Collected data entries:
(* If $\lambda$ is a panmagic permutation of $\Omega_m$ and $\rho$ is a panmagic permutation of $\Omega_n$, then the permutation $\lambda\,\dot\times\,\rho$ of $\Omega_{mn}$ defined by $(\lambda\,\dot\times\,\rho)(jn+s)=\lambda(j)\,n+\rho(s)$ for $j\in\Omega_m$, $s\in\Omega_n$, is panmagic.
   Context: $\Omega_n=\{0,1,\dots,n-1\}$. A permutation $\pi$ of $\Omega_n$ is panmagic if its permutation matrix $P_\pi$ (with $(i,j)$ entry $1$ if $i=\pi(j)$ and $0$ otherwise) is panmagic, i.e. the sums of its entries along all rows, all columns, all upward diagonals $\{(i,j): i+j\equiv k \pmod n\}$ and all downward diagonals $\{(i,j): i-j\equiv k\pmod n\}$, $k\in\Omega_n$, are equal; equivalently, the maps $j\mapsto\pi(j)-j$ and $j\mapsto\pi(j)+j$ modulo $n$ are bijections of $\Omega_n$. *)

theory Defs
  imports Main
begin

text \<open>Omega_n = {0,...,n-1}; a permutation of Omega_n is a map nat => nat that is
  a bijection of {..<n} onto itself (values outside are irrelevant).\<close>

definition perm_of :: "nat \<Rightarrow> (nat \<Rightarrow> nat) \<Rightarrow> bool" where
  "perm_of n p \<longleftrightarrow> bij_betw p {..<n} {..<n}"

definition perm_matrix :: "(nat \<Rightarrow> nat) \<Rightarrow> nat \<Rightarrow> nat \<Rightarrow> nat" where
  "perm_matrix p i j = (if i = p j then 1 else 0)"

definition panmagic_matrix :: "nat \<Rightarrow> (nat \<Rightarrow> nat \<Rightarrow> nat) \<Rightarrow> bool" where
  "panmagic_matrix n M \<longleftrightarrow> (\<exists>c. \<forall>k<n.
      (\<Sum>j<n. M k j) = c \<and>
      (\<Sum>i<n. M i k) = c \<and>
      (\<Sum>(i,j)\<in>{(i,j). i < n \<and> j < n \<and> (i + j) mod n = k}. M i j) = c \<and>
      (\<Sum>(i,j)\<in>{(i,j). i < n \<and> j < n \<and> (int i - int j) mod int n = int k}. M i j) = c)"

definition panmagic_perm :: "nat \<Rightarrow> (nat \<Rightarrow> nat) \<Rightarrow> bool" where
  "panmagic_perm n p \<longleftrightarrow> perm_of n p \<and> panmagic_matrix n (perm_matrix p)"

definition dot_times :: "nat \<Rightarrow> (nat \<Rightarrow> nat) \<Rightarrow> (nat \<Rightarrow> nat) \<Rightarrow> nat \<Rightarrow> nat" where
  "dot_times n l r x = l (x div n) * n + r (x mod n)"

end

theory Submission
  imports Defs
begin

text \<open>For a permutation \<open>p\<close> of \<open>\<Omega>\<^sub>n\<close>, the matrix sums along the upward and
  downward diagonals count the \<open>j\<close> with \<open>p j + j\<close>, resp. \<open>p j - j\<close>, in a given residue
  class, so \<open>p\<close> is panmagic iff \<open>j \<mapsto> p j + \<sigma> j\<close> is injective modulo \<open>n\<close> for \<open>\<sigma> = \<plusminus>1\<close>;
  being a permutation is the same condition for \<open>\<sigma> = 0\<close>. Writing \<open>a = j n + s\<close>, the
  value of \<open>dot_times n \<lambda> \<rho>\<close> at \<open>a\<close> plus \<open>\<sigma> a\<close> is \<open>(\<lambda> j + \<sigma> j) n + (\<rho> s + \<sigma> s)\<close>: a congruence of
  two such values modulo \<open>m n\<close> forces first the \<open>s\<close>-parts to agree (reducing modulo \<open>n\<close>),
  and then the \<open>j\<close>-parts (dividing by \<open>n\<close>).\<close>

definition twist_inj :: "int \<Rightarrow> nat \<Rightarrow> (nat \<Rightarrow> nat) \<Rightarrow> bool" where
  "twist_inj \<sigma> n p \<longleftrightarrow> inj_on (\<lambda>j. (int (p j) + \<sigma> * int j) mod int n) {..<n}"

lemma card_fibres_eq_1_iff_inj_on:
  assumes "finite B" "f ` A \<subseteq> B" "card A = card B"
  shows "(\<forall>k\<in>B. card {a\<in>A. f a = k} = 1) \<longleftrightarrow> inj_on f A"
proof
  assume fibres: "\<forall>k\<in>B. card {a\<in>A. f a = k} = 1"
  show "inj_on f A"
  proof (rule inj_onI)
    fix a b assume "a \<in> A" "b \<in> A" "f a = f b"
    moreover obtain c where "{x\<in>A. f x = f a} = {c}"
      using fibres \<open>a \<in> A\<close> assms(2) by (metis card_1_singletonE image_subset_iff)
    ultimately show "a = b" by (metis (mono_tags, lifting) mem_Collect_eq singletonD)
  qed
next
  assume inj: "inj_on f A"
  then have "f ` A = B"
    using assms by (metis card_image card_subset_eq)
  show "\<forall>k\<in>B. card {a\<in>A. f a = k} = 1"
  proof
    fix k assume "k \<in> B"
    then obtain a where "a \<in> A" "k = f a" using \<open>f ` A = B\<close> by blast
    then have "{x\<in>A. f x = k} = {a}" using inj by (auto simp: inj_on_def)
    then show "card {x\<in>A. f x = k} = 1" by simp
  qed
qed

lemma perm_matrix_eq_of_bool: "perm_matrix p i j = of_bool (i = p j)"
  by (simp add: perm_matrix_def)

lemma perm_of_iff_twist_inj_0: "perm_of n p \<longleftrightarrow> p ` {..<n} \<subseteq> {..<n} \<and> twist_inj 0 n p"
proof -
  have "twist_inj 0 n p \<longleftrightarrow> inj_on p {..<n}" if into: "p ` {..<n} \<subseteq> {..<n}"
  proof -
    have "twist_inj 0 n p \<longleftrightarrow> inj_on (\<lambda>j. int (p j)) {..<n}"
      unfolding twist_inj_def using into by (intro inj_on_cong) auto
    also have "\<dots> \<longleftrightarrow> inj_on p {..<n}"
      by (simp add: inj_on_def)
    finally show ?thesis .
  qed
  moreover have "perm_of n p \<longleftrightarrow> p ` {..<n} \<subseteq> {..<n} \<and> inj_on p {..<n}"
    unfolding perm_of_def bij_betw_def by (metis endo_inj_surj finite_lessThan order_refl)
  ultimately show ?thesis by blast
qed

lemma sum_perm_matrix_pairs:
  assumes "p ` {..<n} \<subseteq> {..<n}"
  shows "(\<Sum>(i,j)\<in>{(i,j). i < n \<and> j < n \<and> Q i j}. perm_matrix p i j) = card {j. j < n \<and> Q (p j) j}"
proof -
  let ?S = "{(i,j). i < n \<and> j < n \<and> Q i j}"
  have "finite ?S"
    by (rule finite_subset[of _ "{..<n} \<times> {..<n}"]) auto
  then have "(\<Sum>(i,j)\<in>?S. perm_matrix p i j) = card (?S \<inter> {x. fst x = p (snd x)})"
    by (simp add: perm_matrix_eq_of_bool case_prod_beta)
  also have "?S \<inter> {x. fst x = p (snd x)} = (\<lambda>j. (p j, j)) ` {j. j < n \<and> Q (p j) j}"
    using assms by auto
  also have "card \<dots> = card {j. j < n \<and> Q (p j) j}"
    by (rule card_image) (auto simp: inj_on_def)
  finally show ?thesis .
qed

lemma sum_perm_matrix_row:
  assumes "perm_of n p" and "k < n"
  shows "(\<Sum>j<n. perm_matrix p k j) = 1"
proof -
  have "(\<Sum>j<n. perm_matrix p k j) = card {j\<in>{..<n}. p j = k}"
    by (simp add: perm_matrix_eq_of_bool Int_def eq_commute)
  also have "\<dots> = 1"
    using assms card_fibres_eq_1_iff_inj_on[where A="{..<n}" and B="{..<n}" and f=p]
    by (simp add: perm_of_def bij_betw_def)
  finally show ?thesis .
qed

lemma sum_perm_matrix_col:
  assumes "perm_of n p" and "k < n"
  shows "(\<Sum>i<n. perm_matrix p i k) = 1"
proof -
  have "{i. i < n \<and> i = p k} = {p k}"
    using assms by (auto simp: perm_of_def dest: bij_betw_apply)
  then show ?thesis by (simp add: perm_matrix_eq_of_bool Int_def)
qed

lemma card_twist_fibres_eq_1_iff:
  assumes "0 < n"
  shows "(\<forall>k<n. card {j. j < n \<and> (int (p j) + \<sigma> * int j) mod int n = int k} = 1)
    \<longleftrightarrow> twist_inj \<sigma> n p"
proof -
  let ?f = "\<lambda>j. (int (p j) + \<sigma> * int j) mod int n"
  have "?f ` {..<n} \<subseteq> int ` {..<n}"
  proof
    fix x assume "x \<in> ?f ` {..<n}"
    then have "0 \<le> x" "x < int n" using assms by auto
    then show "x \<in> int ` {..<n}" by (auto intro: image_eqI[of _ _ "nat x"])
  qed
  then have "(\<forall>k\<in>int ` {..<n}. card {j\<in>{..<n}. ?f j = k} = 1) \<longleftrightarrow> twist_inj \<sigma> n p"
    unfolding twist_inj_def by (intro card_fibres_eq_1_iff_inj_on) (auto simp: card_image)
  then show ?thesis by (simp add: Ball_image_comp lessThan_def)
qed

lemma panmagic_perm_iff:
  "panmagic_perm n p \<longleftrightarrow> perm_of n p \<and> twist_inj 1 n p \<and> twist_inj (-1) n p"
proof (cases "perm_of n p \<and> 0 < n")
  case False
  then show ?thesis
    by (auto simp: panmagic_perm_def panmagic_matrix_def perm_of_def twist_inj_def)
next
  case True
  then have into: "p ` {..<n} \<subseteq> {..<n}"
    by (simp add: perm_of_iff_twist_inj_0)
  define diag where "diag \<sigma> k = card {j. j < n \<and> (int (p j) + \<sigma> * int j) mod int n = int k}" for \<sigma> k
  have up_cond: "(i + j) mod n = k \<longleftrightarrow> (int i + 1 * int j) mod int n = int k" for i j k
    by (metis mult_1 of_nat_add of_nat_eq_iff of_nat_mod)
  have up: "(\<Sum>(i,j)\<in>{(i,j). i < n \<and> j < n \<and> (i + j) mod n = k}. perm_matrix p i j) = diag 1 k" for k
    unfolding up_cond using sum_perm_matrix_pairs[OF into] by (simp add: diag_def)
  have down: "(\<Sum>(i,j)\<in>{(i,j). i < n \<and> j < n \<and> (int i - int j) mod int n = int k}. perm_matrix p i j)
      = diag (-1) k" for k
    using sum_perm_matrix_pairs[OF into] by (simp add: diag_def)
  have "panmagic_matrix n (perm_matrix p) \<longleftrightarrow> (\<exists>c. \<forall>k<n. 1 = c \<and> diag 1 k = c \<and> diag (-1) k = c)"
    unfolding panmagic_matrix_def up down
    using True by (simp add: sum_perm_matrix_row sum_perm_matrix_col cong: all_cong)
  also have "\<dots> \<longleftrightarrow> (\<forall>k<n. diag 1 k = 1 \<and> diag (-1) k = 1)"
    using True by auto
  finally have "panmagic_matrix n (perm_matrix p) \<longleftrightarrow> (\<forall>k<n. diag 1 k = 1 \<and> diag (-1) k = 1)" .
  moreover have "(\<forall>k<n. diag \<sigma> k = 1) \<longleftrightarrow> twist_inj \<sigma> n p" for \<sigma>
    unfolding diag_def using True by (rule card_twist_fibres_eq_1_iff[OF conjunct2])
  ultimately show ?thesis
    using True by (auto simp: panmagic_perm_def)
qed

lemma dot_times_image_subset:
  assumes "l ` {..<m} \<subseteq> {..<m}" and "r ` {..<n} \<subseteq> {..<n}"
  shows "dot_times n l r ` {..<m * n} \<subseteq> {..<m * n}"
proof
  fix y assume "y \<in> dot_times n l r ` {..<m * n}"
  then obtain a where a: "a < m * n" and y: "y = dot_times n l r a" by auto
  then have "0 < n" by (auto intro: gr0I)
  have "a div n < m"
    using a by (simp add: less_mult_imp_div_less)
  then have "l (a div n) + 1 \<le> m"
    using assms(1) by auto
  then have "(l (a div n) + 1) * n \<le> m * n" by (rule mult_right_mono) simp
  moreover have "r (a mod n) < n"
    using assms(2) \<open>0 < n\<close> by (simp add: image_subset_iff)
  ultimately show "y \<in> {..<m * n}" unfolding y dot_times_def by simp
qed

lemma dot_times_twist:
  "int (dot_times n l r a) + \<sigma> * int a
    = (int (l (a div n)) + \<sigma> * int (a div n)) * int n + (int (r (a mod n)) + \<sigma> * int (a mod n))"
proof -
  have "int a = int (a div n) * int n + int (a mod n)"
    by (metis of_nat_add of_nat_mult div_mult_mod_eq)
  then show ?thesis by (simp add: dot_times_def algebra_simps)
qed

lemma twist_inj_dot_times:
  assumes l: "twist_inj \<sigma> m l" and r: "twist_inj \<sigma> n r"
  shows "twist_inj \<sigma> (m * n) (dot_times n l r)"
  unfolding twist_inj_def
proof (rule inj_onI)
  fix a b assume a: "a \<in> {..<m * n}" and b: "b \<in> {..<m * n}"
  assume "(int (dot_times n l r a) + \<sigma> * int a) mod int (m * n)
        = (int (dot_times n l r b) + \<sigma> * int b) mod int (m * n)"
  then have dvd: "int m * int n dvd (int (dot_times n l r a) + \<sigma> * int a)
        - (int (dot_times n l r b) + \<sigma> * int b)"
    by (simp add: mod_eq_dvd_iff)
  have "0 < n" using a by (auto intro: gr0I)
  define U where "U x = int (l (x div n)) + \<sigma> * int (x div n)" for x
  define V where "V x = int (r (x mod n)) + \<sigma> * int (x mod n)" for x
  have diff: "int m * int n dvd (U a - U b) * int n + (V a - V b)"
    using dvd unfolding dot_times_twist U_def V_def by (simp add: algebra_simps)
  then have "int n dvd (U a - U b) * int n + (V a - V b)"
    by (rule dvd_mult_right)
  then have "int n dvd V a - V b"
    by (simp add: dvd_add_right_iff)
  then have mod_eq: "a mod n = b mod n"
    using r \<open>0 < n\<close> by (simp add: twist_inj_def inj_on_def V_def mod_eq_dvd_iff)
  then have "int m * int n dvd (U a - U b) * int n"
    using diff by (simp add: V_def)
  then have "int m dvd U a - U b"
    using \<open>0 < n\<close> by simp
  moreover have "a div n < m" "b div n < m"
    using a b by (auto simp: less_mult_imp_div_less)
  ultimately have "a div n = b div n"
    using l by (simp add: twist_inj_def inj_on_def U_def mod_eq_dvd_iff)
  with mod_eq show "a = b" by (metis div_mult_mod_eq)
qed

theorem corollary3p2:
  fixes m n :: nat and l r :: "nat \<Rightarrow> nat"
  assumes "panmagic_perm m l" and "panmagic_perm n r"
  shows "panmagic_perm (m * n) (dot_times n l r)"
  using assms unfolding panmagic_perm_iff perm_of_iff_twist_inj_0
  by (simp add: dot_times_image_subset twist_inj_dot_times)

end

» About this exercise: Set down exactly the lines from the start of the records to the line with "p \<longleftrightarrow> bij_betw". Include that line, and add nothing more.

» Solution to this task:
(* If $\lambda$ is a panmagic permutation of $\Omega_m$ and $\rho$ is a panmagic permutation of $\Omega_n$, then the permutation $\lambda\,\dot\times\,\rho$ of $\Omega_{mn}$ defined by $(\lambda\,\dot\times\,\rho)(jn+s)=\lambda(j)\,n+\rho(s)$ for $j\in\Omega_m$, $s\in\Omega_n$, is panmagic.
   Context: $\Omega_n=\{0,1,\dots,n-1\}$. A permutation $\pi$ of $\Omega_n$ is panmagic if its permutation matrix $P_\pi$ (with $(i,j)$ entry $1$ if $i=\pi(j)$ and $0$ otherwise) is panmagic, i.e. the sums of its entries along all rows, all columns, all upward diagonals $\{(i,j): i+j\equiv k \pmod n\}$ and all downward diagonals $\{(i,j): i-j\equiv k\pmod n\}$, $k\in\Omega_n$, are equal; equivalently, the maps $j\mapsto\pi(j)-j$ and $j\mapsto\pi(j)+j$ modulo $n$ are bijections of $\Omega_n$. *)

theory Defs
  imports Main
begin

text \<open>Omega_n = {0,...,n-1}; a permutation of Omega_n is a map nat => nat that is
  a bijection of {..<n} onto itself (values outside are irrelevant).\<close>

definition perm_of :: "nat \<Rightarrow> (nat \<Rightarrow> nat) \<Rightarrow> bool" where
  "perm_of n p \<longleftrightarrow> bij_betw p {..<n} {..<n}"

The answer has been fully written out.